▶ TASK PROMPT
Pick the lines holding the string "among" out of the records and copy them.

▶ MATERIAL FOR THIS TASK
text \<open>The (unital) F-subalgebra of M_n(F<X>) generated by the generic matrices.  Its image
  under the entrywise quotient map F<X> \<rightarrow> U_G(A) is U(n;A).\<close>
inductive_set generic_alg :: "nat \<Rightarrow> ('g, 'f::field) gmat set" for n where
  one: "mat_one \<in> generic_alg n"
| gen: "generic_matrix g k \<in> generic_alg n"
| add: "M \<in> generic_alg n \<Longrightarrow> N \<in> generic_alg n \<Longrightarrow> mat_add M N \<in> generic_alg n"
| smul: "M \<in> generic_alg n \<Longrightarrow> mat_smul c M \<in> generic_alg n"
| mul: "M \<in> generic_alg n \<Longrightarrow> N \<in> generic_alg n \<Longrightarrow> mat_mul n M N \<in> generic_alg n"

text \<open>The family f_0..f_(n-1) of matrices (classes mod T_G(A) entrywise) is F-linearly independent.\<close>
definition mats_lin_indep ::
  "('f::field \<Rightarrow> 'a::ring_1 \<Rightarrow> 'a) \<Rightarrow> ('g \<Rightarrow> 'a set) \<Rightarrow> nat \<Rightarrow> (nat \<Rightarrow> ('g, 'f) gmat) \<Rightarrow> bool" where
  "mats_lin_indep smul Agr n f \<longleftrightarrow>
     (\<forall>c :: nat \<Rightarrow> 'f.
        (\<forall>r<n. \<forall>s<n. psum (\<lambda>i. psmul (c i) (f i r s)) {..<n} \<in> TG smul Agr)
        \<longrightarrow> (\<forall>i<n. c i = 0))"

definition cols_lin_indep ::
  "('f::field \<Rightarrow> 'a::ring_1 \<Rightarrow> 'a) \<Rightarrow> ('g \<Rightarrow> 'a set) \<Rightarrow> nat \<Rightarrow> (nat \<Rightarrow> ('g, 'f) gmat) \<Rightarrow> nat \<Rightarrow> bool" where
  "cols_lin_indep smul Agr n f k \<longleftrightarrow>
     (\<forall>c :: nat \<Rightarrow> 'f.
        (\<forall>r<n. psum (\<lambda>i. psmul (c i) (f i r k)) {..<n} \<in> TG smul Agr)
        \<longrightarrow> (\<forall>i<n. c i = 0))"

end

theory Submission
  imports Defs "HOL-Combinatorics.Permutations"
begin

text \<open>Conjugating a matrix by the permutation matrix of an index permutation \<sigma> amounts, on the
  algebra generated by the generic matrices, to renaming every variable x_{ij,m}^{(g)} to
  x_{\<sigma>(i)\<sigma>(j),m}^{(g)}.  Such a degree-preserving renaming maps graded identities to graded
  identities, so it carries an F-linear relation among the entries (r,k) of f_1,...,f_n to
  the same relation among the entries (\<sigma>(r),\<sigma>(k)).  Taking for \<sigma> the transposition of k and s
  turns a relation among the k-th columns into one among the s-th columns; the converse
  direction is immediate.\<close>

definition rename_vars :: "('v \<Rightarrow> 'v) \<Rightarrow> ('v, 'f) fpoly \<Rightarrow> ('v, 'f) fpoly" where
  "rename_vars \<tau> p = (\<lambda>w. p (map (inv \<tau>) w))"

lemma rename_vars_support:
  assumes "bij \<tau>"
  shows "{w. rename_vars \<tau> p w \<noteq> 0} = map \<tau> ` {w. p w \<noteq> 0}"
proof -
  have "map \<tau> (map (inv \<tau>) w) = w" "map (inv \<tau>) (map \<tau> w) = w" for w
    using assms by (simp_all add: bij_def surj_iff inv_o_cancel)
  then show ?thesis
    unfolding rename_vars_def by (auto intro: image_eqI[where x = "map (inv \<tau>) _"])
qed

lemma is_poly_rename_vars: "bij \<tau> \<Longrightarrow> is_poly p \<Longrightarrow> is_poly (rename_vars \<tau> p)"
  unfolding is_poly_def by (simp add: rename_vars_support)

lemma peval_rename_vars:
  assumes "bij \<tau>"
  shows "peval smul \<phi> (rename_vars \<tau> p) = peval smul (\<phi> \<circ> \<tau>) p"
proof -
  have inj: "inj (map \<tau>)"
    using assms by (simp add: bij_is_inj inj_mapI)
  have "peval smul \<phi> (rename_vars \<tau> p)
      = (\<Sum>w\<in>map \<tau> ` {w. p w \<noteq> 0}. smul (rename_vars \<tau> p w) (prod_list (map \<phi> w)))"
    unfolding peval_def rename_vars_support[OF assms] ..
  also have "\<dots> = (\<Sum>w\<in>{w. p w \<noteq> 0}.
      smul (rename_vars \<tau> p (map \<tau> w)) (prod_list (map \<phi> (map \<tau> w))))"
    by (rule sum.reindex[OF inj_on_subset[OF inj subset_UNIV], unfolded comp_def])
  also have "\<dots> = peval smul (\<phi> \<circ> \<tau>) p"
    using assms by (simp add: peval_def rename_vars_def bij_is_inj)
  finally show ?thesis .
qed

lemma graded_assignment_comp:
  assumes "\<And>v. fst (\<tau> v) = fst v" and "graded_assignment Agr \<phi>"
  shows "graded_assignment Agr (\<phi> \<circ> \<tau>)"
  using assms unfolding graded_assignment_def by (metis comp_apply)

lemma TG_rename_vars:
  assumes "bij \<tau>" and "\<And>v. fst (\<tau> v) = fst v" and "p \<in> TG smul Agr"
  shows "rename_vars \<tau> p \<in> TG smul Agr"
proof -
  have "peval smul \<phi> (rename_vars \<tau> p) = 0" if "graded_assignment Agr \<phi>" for \<phi>
    using assms(3) graded_assignment_comp[OF assms(2) that]
    by (simp add: TG_def peval_rename_vars[OF assms(1)])
  with assms(1,3) show ?thesis
    by (simp add: TG_def is_poly_rename_vars)
qed

lemma rename_vars_pone: "rename_vars \<tau> pone = pone"
  by (simp add: rename_vars_def pone_def)

lemma rename_vars_pzero: "rename_vars \<tau> pzero = pzero"
  by (simp add: rename_vars_def pzero_def)

lemma rename_vars_pvar:
  assumes "bij \<tau>"
  shows "rename_vars \<tau> (pvar v) = pvar (\<tau> v)"
proof -
  have "map (inv \<tau>) w = [v] \<longleftrightarrow> w = [\<tau> v]" for w
    using assms by (auto simp: bij_is_inj bij_is_surj surj_f_inv_f bij_inv_eq_iff)
  then show ?thesis
    by (simp add: rename_vars_def pvar_def)
qed

lemma rename_vars_padd: "rename_vars \<tau> (padd p q) = padd (rename_vars \<tau> p) (rename_vars \<tau> q)"
  by (simp add: rename_vars_def padd_def)

lemma rename_vars_psmul: "rename_vars \<tau> (psmul c p) = psmul c (rename_vars \<tau> p)"
  by (simp add: rename_vars_def psmul_def)

lemma rename_vars_pmul: "rename_vars \<tau> (pmul p q) = pmul (rename_vars \<tau> p) (rename_vars \<tau> q)"
  by (simp add: rename_vars_def pmul_def take_map drop_map)

lemma rename_vars_psum: "rename_vars \<tau> (psum P I) = psum (\<lambda>i. rename_vars \<tau> (P i)) I"
  by (simp add: rename_vars_def psum_def)

definition index_perm :: "(nat \<Rightarrow> nat) \<Rightarrow> 'g gvar \<Rightarrow> 'g gvar" where
  "index_perm \<sigma> = (\<lambda>(g, i, j, m). (g, \<sigma> i, \<sigma> j, m))"

lemma fst_index_perm [simp]: "fst (index_perm \<sigma> v) = fst v"
  by (simp add: index_perm_def split_beta)

lemma bij_index_perm:
  assumes "bij \<sigma>"
  shows "bij (index_perm \<sigma>)"
proof (rule o_bij)
  show "index_perm (inv \<sigma>) \<circ> index_perm \<sigma> = id" "index_perm \<sigma> \<circ> index_perm (inv \<sigma>) = id"
    using assms by (auto simp: index_perm_def fun_eq_iff bij_is_inj bij_is_surj surj_f_inv_f)
qed

lemma generic_alg_rename_index_perm:
  assumes "\<sigma> permutes {..<n}" and "M \<in> generic_alg n"
  shows "rename_vars (index_perm \<sigma>) (M r s) = M (\<sigma> r) (\<sigma> s)"
  using assms(2)
proof (induction arbitrary: r s)
  case one
  have "\<sigma> r = \<sigma> s \<longleftrightarrow> r = s"
    using permutes_inj[OF assms(1)] by (meson injD)
  then show ?case
    by (simp add: mat_one_def rename_vars_pone rename_vars_pzero)
next
  case (gen g m)
  show ?case
    by (simp add: generic_matrix_def rename_vars_pvar bij_index_perm permutes_bij[OF assms(1)])
      (simp add: index_perm_def)
next
  case (mul M N)
  have "rename_vars (index_perm \<sigma>) (mat_mul n M N r s)
      = psum (\<lambda>t. pmul (M (\<sigma> r) (\<sigma> t)) (N (\<sigma> t) (\<sigma> s))) {..<n}"
    by (simp add: mat_mul_def rename_vars_psum rename_vars_pmul mul.IH)
  also have "\<dots> = psum (\<lambda>t. pmul (M (\<sigma> r) t) (N t (\<sigma> s))) (\<sigma> ` {..<n})"
    unfolding psum_def
    by (subst sum.reindex) (auto intro: inj_on_subset[OF permutes_inj[OF assms(1)]])
  also have "\<dots> = mat_mul n M N (\<sigma> r) (\<sigma> s)"
    by (simp add: permutes_image[OF assms(1)] mat_mul_def)
  finally show ?case .
qed (simp_all add: mat_add_def mat_smul_def rename_vars_padd rename_vars_psmul)

lemma TG_lin_comb_permute_entry:
  assumes "\<sigma> permutes {..<n}" and "\<forall>i<n. f i \<in> generic_alg n"
    and "psum (\<lambda>i. psmul (c i) (f i r s)) {..<n} \<in> TG smul Agr"
  shows "psum (\<lambda>i. psmul (c i) (f i (\<sigma> r) (\<sigma> s))) {..<n} \<in> TG smul Agr"
proof -
  have "rename_vars (index_perm \<sigma>) (f i r s) = f i (\<sigma> r) (\<sigma> s)" if "i \<in> {..<n}" for i
    using assms(2) that by (intro generic_alg_rename_index_perm[OF assms(1)]) simp
  then have "psum (\<lambda>i. psmul (c i) (f i (\<sigma> r) (\<sigma> s))) {..<n}
      = psum (\<lambda>i. psmul (c i) (rename_vars (index_perm \<sigma>) (f i r s))) {..<n}"
    unfolding psum_def by simp
  also have "\<dots> = rename_vars (index_perm \<sigma>) (psum (\<lambda>i. psmul (c i) (f i r s)) {..<n})"
    by (simp add: rename_vars_psum rename_vars_psmul)
  finally show ?thesis
    using TG_rename_vars[OF bij_index_perm[OF permutes_bij[OF assms(1)]] fst_index_perm assms(3)]
    by simp
qed

lemma TG_lin_comb_column_imp_entry:
  assumes "\<forall>i<n. f i \<in> generic_alg n" and "k < n"
    and col: "\<forall>r<n. psum (\<lambda>i. psmul (c i) (f i r k)) {..<n} \<in> TG smul Agr"
    and "r < n" and "s < n"
  shows "psum (\<lambda>i. psmul (c i) (f i r s)) {..<n} \<in> TG smul Agr"
proof -
  let ?\<sigma> = "Transposition.transpose k s"
  have \<sigma>: "?\<sigma> permutes {..<n}"
    using \<open>k < n\<close> \<open>s < n\<close> by (simp add: permutes_swap_id)
  then have "?\<sigma> r < n"
    using \<open>r < n\<close> permutes_in_image by fastforce
  with col have "psum (\<lambda>i. psmul (c i) (f i (?\<sigma> r) k)) {..<n} \<in> TG smul Agr"
    by blast
  from TG_lin_comb_permute_entry[OF \<sigma> assms(1) this] show ?thesis
    by simp
qed

theorem corollary6p2:
  fixes smul :: "'f::field_char_0 \<Rightarrow> 'a::ring_1 \<Rightarrow> 'a"
    and Agr :: "'g::{group_add,finite} \<Rightarrow> 'a set"
    and n k :: nat
    and f :: "nat \<Rightarrow> ('g, 'f) gmat"
  assumes "f_algebra smul"
    and "graded_algebra smul Agr"
    and "is_PI smul"
    and "0 < n"
    and "\<forall>i<n. f i \<in> generic_alg n"
    and "k < n"
  shows "cols_lin_indep smul Agr n f k \<longleftrightarrow> mats_lin_indep smul Agr n f"
proof
  assume "cols_lin_indep smul Agr n f k"
  then show "mats_lin_indep smul Agr n f"
    unfolding cols_lin_indep_def mats_lin_indep_def using \<open>k < n\<close> by blast
next
  assume "mats_lin_indep smul Agr n f"
  then show "cols_lin_indep smul Agr n f k"
    unfolding cols_lin_indep_def mats_lin_indep_def
    using TG_lin_comb_column_imp_entry[OF assms(5,6)] by blast
qed

end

▶ TASK ANSWER
  identities, so it carries an F-linear relation among the entries (r,k) of f_1,...,f_n to
  the same relation among the entries (\<sigma>(r),\<sigma>(k)).  Taking for \<sigma> the transposition of k and s
  turns a relation among the k-th columns into one among the s-th columns; the converse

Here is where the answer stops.